NEW: Live dashboard demo → | Subagent recovery demo → | Subagent recovery article → | 4-agent privacy routing demo →
Your agent communicates over HTTP to an LLM. Trooper can observe it.
Trooper started as a fallback proxy. It's now an active observer.
Your agent runs. Trooper watches. You see everything — intent, open loops, completed steps, full transcript. Live. Zero instrumentation.
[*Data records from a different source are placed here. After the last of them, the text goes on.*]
definition adj :: "nat set set \<Rightarrow> nat \<Rightarrow> nat \<Rightarrow> bool" where
  "adj E u v \<longleftrightarrow> {u, v} \<in> E"

definition connected_graph :: "nat \<Rightarrow> nat set set \<Rightarrow> bool" where
  "connected_graph N E \<longleftrightarrow> (\<forall>u<N. \<forall>v<N. (u, v) \<in> {(a, b). adj E a b}\<^sup>*)"

definition degree :: "nat \<Rightarrow> nat set set \<Rightarrow> nat \<Rightarrow> nat" where
  "degree N E v = card {u. u < N \<and> adj E u v}"

text \<open>Effective resistance between i and j with unit resistors: inject a unit current at i,
  extract it at j; by Kirchhoff's laws the node potentials x satisfy (L x)_k = [k=i] - [k=j],
  and R_ij is the potential difference x_i - x_j.\<close>

definition eff_res :: "nat \<Rightarrow> nat set set \<Rightarrow> nat \<Rightarrow> nat \<Rightarrow> real" where
  "eff_res N E i j = (THE r. \<exists>x :: nat \<Rightarrow> real.
      (\<forall>k<N. (\<Sum>l<N. if adj E k l then x k - x l else 0)
              = (if k = i then 1 else 0) - (if k = j then 1 else 0))
      \<and> r = x i - x j)"

definition add_deg_kirchhoff :: "nat \<Rightarrow> nat set set \<Rightarrow> real" where
  "add_deg_kirchhoff N E =
     (\<Sum>j<N. \<Sum>i<j. (real (degree N E i) + real (degree N E j)) * eff_res N E i j)"

end

theory Submission
  imports Defs "HOL-Analysis.Convex" "Jordan_Normal_Form.Determinant"
begin
lemma relu_affine_saw_layer:
  assumes "\<bar>x\<bar> \<le> 1" "\<bar>y\<bar> \<le> 1" "\<bar>p\<bar> \<le> 1"
  shows "relu_affine (mult_state r x p y s S) (sparse_layer (9 + 2 * r) (saw_layer r s))
    = mult_state r x p y (Suc s) S"
proof -
  have indices: "\<forall>(ws, b)\<in>set (saw_layer r s). \<forall>(j, w)\<in>set ws. j < 9 + 2 * r"
    using carry_neurons_indices[of r] by (auto simp: saw_layer_def)
  define u where "u = (x + y + 2) / 4"
  define w where "w = (x - y + 2) / 4"
  have u_w_range: "0 \<le> u" "u \<le> 1" "0 \<le> w" "w \<le> 1"
    using assms by (auto simp: u_def w_def)
  define g where "g = (hat ^^ s) u"
  define h where "h = (hat ^^ s) w"
  have "0 \<le> hat_sum s u" "0 \<le> hat_sum s w" "0 \<le> hat_sum (Suc s) u" "0 \<le> hat_sum (Suc s) w"
    using hat_sum_nonneg u_w_range by auto
  then have next_state: "mult_state r x p y (Suc s) S = [x + 1, p + 1, y + 1,
      relu (2 * hat g - 1), relu (1 - 2 * hat g), relu (hat_sum s u + hat g / 4 ^ s),
      relu (2 * hat h - 1), relu (1 - 2 * hat h), relu (hat_sum s w + hat h / 4 ^ s)] @ pos_neg_parts r S"
    by (simp add: mult_state_def u_def[symmetric] w_def[symmetric] g_def h_def hat_sum_Suc relu_of_nonneg)
  have state: "mult_state r x p y s S = [x + 1, p + 1, y + 1,
      relu (2 * g - 1), relu (1 - 2 * g), hat_sum s u,
      relu (2 * h - 1), relu (1 - 2 * h), hat_sum s w] @ pos_neg_parts r S"
    by (simp add: mult_state_def u_def[symmetric] w_def[symmetric] g_def h_def)
  show ?thesis
    unfolding relu_affine_def affine_sparse_layer[OF length_mult_state indices]
    unfolding next_state state saw_layer_def map_map map_append o_def
    using assms \<open>0 \<le> hat_sum s u\<close> \<open>0 \<le> hat_sum s w\<close>
    by (subst relu_carry_neurons; simp add: relu_of_nonneg hat_eq_relu[of g] hat_eq_relu[of h];
        intro conjI arg_cong[where f = relu]; simp add: field_simps)
qed

definition recursion_layer :: "nat \<Rightarrow> (nat \<Rightarrow> real) \<Rightarrow> neuron list" where
  "recursion_layer r c = [([(0, 1)], 0), ([(2, 1)], 0), ([(8, 2), (5, -2), (1, -1)], 2), ([(8, 2), (5, -2), (1, -1)], 0),
     ([], 0), ([], 0), ([], 0), ([], 0), ([], 0)] @ accumulate_neurons r c"

lemma relu_affine_recursion_layer:
  assumes "\<bar>x\<bar> \<le> 1" "\<bar>y\<bar> \<le> 1" "\<bar>p\<bar> \<le> 1"
  shows "relu_affine (mult_state r x p y m S) (sparse_layer (9 + 2 * r) (recursion_layer r c))
    = block_state r x y (relu (2 * mult_approx m x y - p + 1)) (relu (2 * mult_approx m x y - p - 1))
        (\<lambda>i. S i + c i * y)"
proof -
  have indices: "\<forall>(ws, b)\<in>set (recursion_layer r c). \<forall>(j, w)\<in>set ws. j < 9 + 2 * r"
    using accumulate_neurons_indices[of r c] by (auto simp: recursion_layer_def)
  define u where "u = (x + y + 2) / 4"
  define w where "w = (x - y + 2) / 4"
  define L where "L = [x + 1, p + 1, y + 1, relu (2 * (hat ^^ m) u - 1), relu (1 - 2 * (hat ^^ m) u), hat_sum m u,
     relu (2 * (hat ^^ m) w - 1), relu (1 - 2 * (hat ^^ m) w), hat_sum m w]"
  have state: "mult_state r x p y m S = L @ pos_neg_parts r S"
    by (simp add: mult_state_def u_def w_def L_def)
  have "length L = 9"
    by (simp add: L_def)
  then have accumulate: "map (\<lambda>n. relu (sparse_dot (fst n) (L @ pos_neg_parts r S) + snd n)) (accumulate_neurons r c)
      = pos_neg_parts r (\<lambda>i. S i + c i * y)"
    using relu_accumulate_neurons[of L r S c] by (simp add: L_def)
  have "mult_approx m x y = hat_sum m w - hat_sum m u"
    by (simp add: mult_approx_def u_def w_def)
  then show ?thesis
    unfolding relu_affine_def state affine_sparse_layer[OF length_mult_state[of r x p y m S, unfolded state] indices]
    unfolding recursion_layer_def map_map map_append o_def accumulate block_state_def
    using assms
    by (simp add: relu_of_nonneg L_def; intro conjI arg_cong[where f = relu]; simp add: field_simps)
qed

definition input_layer :: "nat \<Rightarrow> (nat \<Rightarrow> real) \<Rightarrow> neuron list" where
  "input_layer r c = [([(0, 1)], 1), ([], 2), ([(0, 1)], 1), ([(0, 1)], -1), ([], 0), ([], 0), ([], 0), ([], 0), ([], 0)]
     @ interleave r (\<lambda>i. ([], c i)) (\<lambda>i. ([], - c i))"
theorem proposition6p1:
  fixes n :: nat
  assumes "n \<ge> 1"
  shows "highest_weight_crystal n (Binf n) (wtB n) (estar n) (fstar n)
           (\<lambda>i b. ereal (of_int (epsstar n i b))) (\<lambda>i b. ereal (of_int (phistar n i b)))"
  unfolding highest_weight_crystal_def
proof (intro conjI ballI)
  show "\<exists>b0\<in>Binf n. \<forall>b\<in>Binf n. \<exists>is. set is \<subseteq> {1..n} \<and> apply_ops (estar n) is b = Some b0"
    using zero_in_Binf Binf_reaches_zero by blast
  fix b i assume b: "b \<in> Binf n" and i: "i \<in> {1..n}"
  then have eps: "0 \<le> epsstar n i b" by (simp add: epsstar_nonneg)
  note string = estar_iterate_defined_iff[OF b, of i]
  show "\<exists>m::nat. apply_ops (estar n) (replicate m i) b \<noteq> None \<and>
          (\<forall>k. apply_ops (estar n) (replicate k i) b \<noteq> None \<longrightarrow> k \<le> m) \<and>
          ereal (of_int (epsstar n i b)) = ereal (of_nat m)"
    using i eps string by (intro exI[of _ "nat (epsstar n i b)"]) auto
qed (rule crystal_Binf)

end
→ Any agent → point at Trooper, open dashboard, see everything
→ Claude fails → continues on Ollama, context preserved
→ Simple prompts → never hit the cloud
→ Agent mid-task → /recovery tells you exactly where to resume
Trooper is a zero-instrumentation agent observability platform with local fallback.
In the dashboard — open http://localhost:3000/dashboard while your agent runs:
- Intent — what your agent is trying to do, extracted automatically
- Open Loops — what it's stuck on, highlighted in real time
- Completed Steps — what it finished, tracked as it happens
- Session Transcript — every message, colour coded by role
In every response header — no dashboards required:
# Simple question → Ollama handled it, cloud never contacted
X-Trooper-Provider: ollama
X-Trooper-Decision: ollama (simple turn) | cloud skipped
X-Trooper-Session-Saved: 42 tokens
# Complex question → Claude handled it
X-Trooper-Provider: claude
X-Trooper-Summary: claude (direct) ✓
# Claude quota hit → fell back to Ollama, context preserved
X-Trooper-Provider: ollama
X-Trooper-Decision: ollama (fallback: credit_balance)
X-Trooper-Session-Saved: 42 tokens
X-Trooper-Summary: claude → ollama (credit_balance) | context ✓Trooper is a drop-in proxy that sits between your agent and any LLM provider. It observes every request, extracts intent and signals, and builds a live picture of what your agent is doing — all without touching your code.
When cloud models fail — quota, rate limits, outages — it automatically falls back to your local Ollama instance while preserving full conversation context.
Trooper is no longer passive. It started as a fallback proxy. Now it watches every session actively and makes that data visible.
No retries. No crashes. No lost sessions. No SDK. No instrumentation. ⏱ Runs in under 60 seconds.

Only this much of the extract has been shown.